- **Exercise aim**
Keep only the lines of the listing that include the word "thesis", and copy them.

- **Data excerpts**
lemma component_subset: "x \<in> A \<Longrightarrow> component E A x \<subseteq> A"
proof
  fix y assume "x \<in> A" "y \<in> component E A x"
  then have "(\<lambda>a b. a \<in> A \<and> b \<in> A \<and> E a b)\<^sup>*\<^sup>* x y" unfolding component_def by simp
  then show "y \<in> A" using \<open>x \<in> A\<close> by (induction rule: rtranclp_induct) auto
qed

lemma component_step:
  "a \<in> component E A x \<Longrightarrow> a \<in> A \<Longrightarrow> b \<in> A \<Longrightarrow> E a b \<Longrightarrow> b \<in> component E A x"
  unfolding component_def by (auto intro: rtranclp.rtrancl_into_rtrancl)

lemma component_eq:
  assumes "symp E" "y \<in> component E A x"
  shows "component E A y = component E A x"
proof -
  let ?R = "\<lambda>a b. a \<in> A \<and> b \<in> A \<and> E a b"
  have "symp ?R" using assms(1) unfolding symp_def by blast
  then have "?R\<^sup>*\<^sup>* y x" using assms(2) unfolding component_def by (auto dest: sympD[OF symp_rtranclp])
  then show ?thesis using assms(2) unfolding component_def by (auto intro: rtranclp_trans)
qed

lemma component_mono: "A \<subseteq> B \<Longrightarrow> component E A x \<subseteq> component E B x"
  unfolding component_def by (auto elim!: rtranclp_mono[THEN predicate2D, rotated])
(* Consider the discounted repeated power control game with discount factor $\lambda\in(0,1)$ described in the context. Assume that for every $i\in\mathcal{K}$, $$\lambda\le\frac{\eta_i^{\min}\delta(\beta^*,\tilde\gamma)}{\eta_i^{\min}\delta(\beta^*,\tilde\gamma)+\eta_i^{\max}\left[(K-1)f(\beta^* )-\delta(\beta^*,\tilde\gamma)\right]},$$ where $\delta(\beta^*,\tilde\gamma)=\frac{1-(K-1)\tilde\gamma}{\tilde\gamma}f(\tilde\gamma)-\frac{1-(K-1)\beta^*}{\beta^*}f(\beta^* )$. Then, for any distribution of the channel gains, the joint strategy in which each transmitter $i$ plays at stage $t$ the power $\tilde p_i(t)$ as long as all the other players have played the operating point powers $\tilde{\underline{p}}_{-i}$, and the one-shot Nash equilibrium power $p_i^*(t)$ otherwise, is a subgame perfect Nash equilibrium of the discounted repeated game.
   Context: There are $K\ge2$ transmitters $i\in\mathcal{K}=\{1,\dots,K\}$; $\sigma^2>0$ is the noise variance; transmitter $i$ has rate $R_i>0$ and power set $[0,P_i^{\max}]$. At each stage $t$ transmitter $i$ has channel gain $g_i(t)$ with $|g_i(t)|^2\in[\eta_i^{\min},\eta_i^{\max}]$, $0<\eta_i^{\min}\le\eta_i^{\max}$ (random, with arbitrary distribution; transmitter $i$ knows its own current gain). For a power profile $\underline{p}$, $\mathrm{SINR}_i=\frac{p_i|g_i|^2}{\sum_{j\neq i}p_j|g_j|^2+\sigma^2}$ and the stage utility is $u_i(\underline{p})=\frac{R_i f(\mathrm{SINR}_i)}{p_i}$, with $f$ a common sigmoidal efficiency function, $f(0)=0$. $\beta^*$ is the unique positive solution of $xf'(x)-f(x)=0$ (with $(K-1)\beta^*<1$) and $p_i^*(t)=\frac{\sigma^2}{|g_i(t)|^2}\frac{\beta^*}{1-(K-1)\beta^*}$ is the one-shot Nash equilibrium power. It is assumed that there exists $x_0\in]0,\frac1{K-1}[$ with $\frac{f''(x)}{f'(x)}-\frac{2(K-1)}{1-(K-1)x}$ strictly positive on $]0,x_0[$ and strictly negative on $]x_0,\frac1{K-1}[$; $\tilde\gamma$ is the unique solution in $]0,\frac1{K-1}[$ of $x[1-(K-1)x]f'(x)-f(x)=0$, and the operating point powers are $\tilde p_i(t)=\frac{\sigma^2}{|g_i(t)|^2}\frac{\tilde\gamma}{1-(K-1)\tilde\gamma}$. Powers $p_i^*,\tilde p_i$ lie in $[0,P_i^{\max}]$. At each stage every transmitter observes the public signal $\omega(t)=\sigma^2+\sum_{i=1}^K|g_i(t)|^2p_i(t)$ (deviations from the operating point are detected through it). A pure strategy of transmitter $i$ is a sequence of maps $\tau_{i,t}$ from histories $(\omega(1),\dots,\omega(t-1),p_i(1),\dots,p_i(t-1))$ (together with the current own channel gain) to $[0,P_i^{\max}]$. The payoff of transmitter $i$ is the (expected) discounted sum $v_i^\lambda(\underline\tau)=\sum_{t=1}^\infty\lambda(1-\lambda)^{t-1}u_i(\underline{p}(t))$, where $\underline{p}(t)$ is the profile induced by $\underline\tau$. A joint strategy is a Nash equilibrium if no transmitter can increase its payoff by unilaterally deviating; it is subgame perfect if it induces a Nash equilibrium after every possible history. *)

theory Defs
  imports "HOL-Analysis.Analysis"
begin
(* Let $r$ be a positive integer and let $(P,\mathcal{L})$ be an intersecting linear system of rank $r$ satisfying $\tau(P,\mathcal{L})=\nu_2(P,\mathcal{L})=r$. Then $(P,\mathcal{L})$ is $r$-uniform, i.e., every line has exactly $r$ points.
   Context: A linear system is a pair $(P,\mathcal{L})$ with $P$ a finite set of points and $\mathcal{L}$ a family of subsets of $P$ (lines) such that any two distinct lines share at most one point; it is intersecting if any two distinct lines share exactly one point. The rank is the maximum cardinality of a line. A transversal is a set of points meeting every line; $\tau$ is the minimum size of a transversal. A 2-packing is a set of lines no three of which share a common point; $\nu_2$ is its maximum size. *)

theory Defs
  imports Main
begin

definition linear_system :: "'a set \<Rightarrow> 'a set set \<Rightarrow> bool" where
  "linear_system P L \<longleftrightarrow> finite P \<and> (\<forall>l\<in>L. l \<subseteq> P) \<and>
     (\<forall>l\<in>L. \<forall>m\<in>L. l \<noteq> m \<longrightarrow> card (l \<inter> m) \<le> 1)"

definition intersecting :: "'a set \<Rightarrow> 'a set set \<Rightarrow> bool" where
  "intersecting P L \<longleftrightarrow> linear_system P L \<and>
     (\<forall>l\<in>L. \<forall>m\<in>L. l \<noteq> m \<longrightarrow> card (l \<inter> m) = 1)"

definition rank :: "'a set set \<Rightarrow> nat" where
  "rank L = Max (card ` L)"

definition transversal :: "'a set \<Rightarrow> 'a set set \<Rightarrow> 'a set \<Rightarrow> bool" where
  "transversal P L T \<longleftrightarrow> T \<subseteq> P \<and> (\<forall>l\<in>L. T \<inter> l \<noteq> {})"

definition tau :: "'a set \<Rightarrow> 'a set set \<Rightarrow> nat" where
  "tau P L = Min {card T | T. transversal P L T}"

definition two_packing :: "'a set set \<Rightarrow> 'a set set \<Rightarrow> bool" where
  "two_packing L S \<longleftrightarrow> S \<subseteq> L \<and>
     (\<forall>a\<in>S. \<forall>b\<in>S. \<forall>c\<in>S. a \<noteq> b \<and> a \<noteq> c \<and> b \<noteq> c \<longrightarrow> a \<inter> b \<inter> c = {})"

definition nu2 :: "'a set set \<Rightarrow> nat" where
  "nu2 L = Max {card S | S. two_packing L S}"

end

theory Submission
  imports Defs
begin

text \<open>In an intersecting system every nonempty line meets all lines, so it is a transversal
  and has at least \<open>\<tau> = r\<close> points; by the rank it has at most \<open>r\<close>.\<close>

lemma linear_system_finite_lines:
  assumes "linear_system P L"
  shows "finite L"
proof (rule finite_subset)
  show "L \<subseteq> Pow P" using assms unfolding linear_system_def by blast
  show "finite (Pow P)" using assms unfolding linear_system_def by simp
qed

lemma card_line_le_rank:
  assumes "finite L" and "l \<in> L"
  shows "card l \<le> rank L"
  using assms unfolding rank_def by simp

lemma tau_le_card_transversal:
  assumes "linear_system P L" and "transversal P L T"
  shows "tau P L \<le> card T"
proof -
  have "{card T | T. transversal P L T} \<subseteq> card ` Pow P"
    unfolding transversal_def by auto
  then have "finite {card T | T. transversal P L T}"
    using assms(1) unfolding linear_system_def by (meson finite_Pow_iff finite_imageI finite_subset)
  with assms(2) show ?thesis
    unfolding tau_def by (auto intro: Min_le)
qed

lemma intersecting_empty_line:
  assumes "intersecting P L" and "{} \<in> L"
  shows "L = {{}}"
proof -
  have "m = {}" if "m \<in> L" for m
  proof (rule ccontr)
    assume "m \<noteq> {}"
    then have "card ({} \<inter> m) = 1"
      using assms that unfolding intersecting_def by blast
    then show False by simp
  qed
  with assms(2) show ?thesis by blast
qed

lemma intersecting_line_transversal:
  assumes "intersecting P L" and "l \<in> L" and "l \<noteq> {}"
  shows "transversal P L l"
  unfolding transversal_def
proof (intro conjI ballI)
  show "l \<subseteq> P" using assms(1,2) unfolding intersecting_def linear_system_def by blast
next
  fix m assume "m \<in> L"
  show "l \<inter> m \<noteq> {}"
  proof (cases "m = l")
    case False
    then have "card (l \<inter> m) = 1"
      using assms(1,2) \<open>m \<in> L\<close> unfolding intersecting_def by blast
    then show ?thesis by auto
  qed (use assms(3) in simp)
qed

lemma intersecting_tau_le_card_line:
  assumes "intersecting P L" and "rank L > 0" and "l \<in> L"
  shows "tau P L \<le> card l"
proof -
  have "l \<noteq> {}"
  proof
    assume "l = {}"
    then have "L = {{}}" using assms(1,3) intersecting_empty_line by blast
    then show False using assms(2) unfolding rank_def by simp
  qed
  with assms(1,3) have "transversal P L l"
    by (rule intersecting_line_transversal)
  with assms(1) show ?thesis
    unfolding intersecting_def by (blast intro: tau_le_card_transversal)
qed

theorem lemma4p1:
  fixes P :: "'a set" and L :: "'a set set" and r :: nat
  assumes "r > 0"
    and "intersecting P L"
    and "rank L = r"
    and "tau P L = r"
    and "nu2 L = r"
  shows "\<forall>l\<in>L. card l = r"
proof
  fix l assume "l \<in> L"
  have "finite L"
    using assms(2) linear_system_finite_lines unfolding intersecting_def by blast
  with \<open>l \<in> L\<close> have "card l \<le> r"
    using assms(3) card_line_le_rank by blast
  moreover have "r \<le> card l"
    using assms(1-4) \<open>l \<in> L\<close> intersecting_tau_le_card_line by metis
  ultimately show "card l = r" by simp
qed

end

- **Result for this exercise**
  then show ?thesis using assms(2) unfolding component_def by (auto intro: rtranclp_trans)
  with assms(2) show ?thesis
  with assms(2) show ?thesis by blast
    then show ?thesis by auto
  with assms(1) show ?thesis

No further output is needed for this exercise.